_PROBLEM TO SOLVE_.
The range starts at the line containing "using shifted_neq_0[OF s] k by blast+" and ends at the last line of the records below. Reproduce those lines exactly.

RECORDS SUPPLIED Start Marker

text \<open>The Wilf-Zeilberger recurrence in n, with certificate G.\<close>

lemma saalschuetz_term_telescoping:
  fixes s q :: rat
  assumes s: "\<forall>i\<le>Suc m. s \<noteq> of_nat i" and k: "k \<le> Suc m"
  defines "G \<equiv> \<lambda>j. of_nat j ^ 2 / (of_nat m + 1) ^ 2 * saalschuetz_term s q (Suc m) j"
  shows "saalschuetz_term s q (Suc m) k -
      (of_nat m ^ 2 + (2 - s) * of_nat m + (1 - s + q)) / ((of_nat m + 1) * (1 - s + of_nat m)) *
      saalschuetz_term s q m k = G k - G (Suc k)"
proof -
  define t where "t = saalschuetz_term s q (Suc m) k"
  define M :: rat where "M = of_nat m + 1"
  define K :: rat where "K = of_nat k"
  have "s - of_nat (Suc m) + of_nat k \<noteq> 0" "s - of_nat (Suc m) + of_nat 0 \<noteq> 0"
    using shifted_neq_0[OF s] k by blast+
  then have "s - M + K \<noteq> 0" "M - s \<noteq> 0"
    by (simp_all add: M_def K_def algebra_simps)
  moreover have "M \<noteq> 0" "K + 1 \<noteq> 0"
    by (simp_all add: M_def K_def add.commute)
  ultimately have "t - ((M - 1) ^ 2 + (2 - s) * (M - 1) + (1 - s + q)) / (M * (M - s)) *
      (t * ((M - K) * (s - M) / (M * (s - M + K))))
    = K ^ 2 / M ^ 2 * t -
      (K + 1) ^ 2 / M ^ 2 * (t * ((K - M) * (K ^ 2 + s * K + q) / ((K + 1) ^ 2 * (s - M + K))))"
    by (simp add: divide_simps) (simp add: algebra_simps power2_eq_square)
  then show ?thesis
    unfolding G_def saalschuetz_term_Suc[of s q "Suc m" k] saalschuetz_term_Suc_left[OF s k]
    by (simp add: t_def M_def K_def algebra_simps)
qed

RECORDS SUPPLIED End Marker

_SOLUTION FOR THIS PROBLEM_.
    using shifted_neq_0[OF s] k by blast+
  then have "s - M + K \<noteq> 0" "M - s \<noteq> 0"
    by (simp_all add: M_def K_def algebra_simps)
  moreover have "M \<noteq> 0" "K + 1 \<noteq> 0"
    by (simp_all add: M_def K_def add.commute)
  ultimately have "t - ((M - 1) ^ 2 + (2 - s) * (M - 1) + (1 - s + q)) / (M * (M - s)) *
      (t * ((M - K) * (s - M) / (M * (s - M + K))))
    = K ^ 2 / M ^ 2 * t -
      (K + 1) ^ 2 / M ^ 2 * (t * ((K - M) * (K ^ 2 + s * K + q) / ((K + 1) ^ 2 * (s - M + K))))"
    by (simp add: divide_simps) (simp add: algebra_simps power2_eq_square)
  then show ?thesis
    unfolding G_def saalschuetz_term_Suc[of s q "Suc m" k] saalschuetz_term_Suc_left[OF s k]
    by (simp add: t_def M_def K_def algebra_simps)
qed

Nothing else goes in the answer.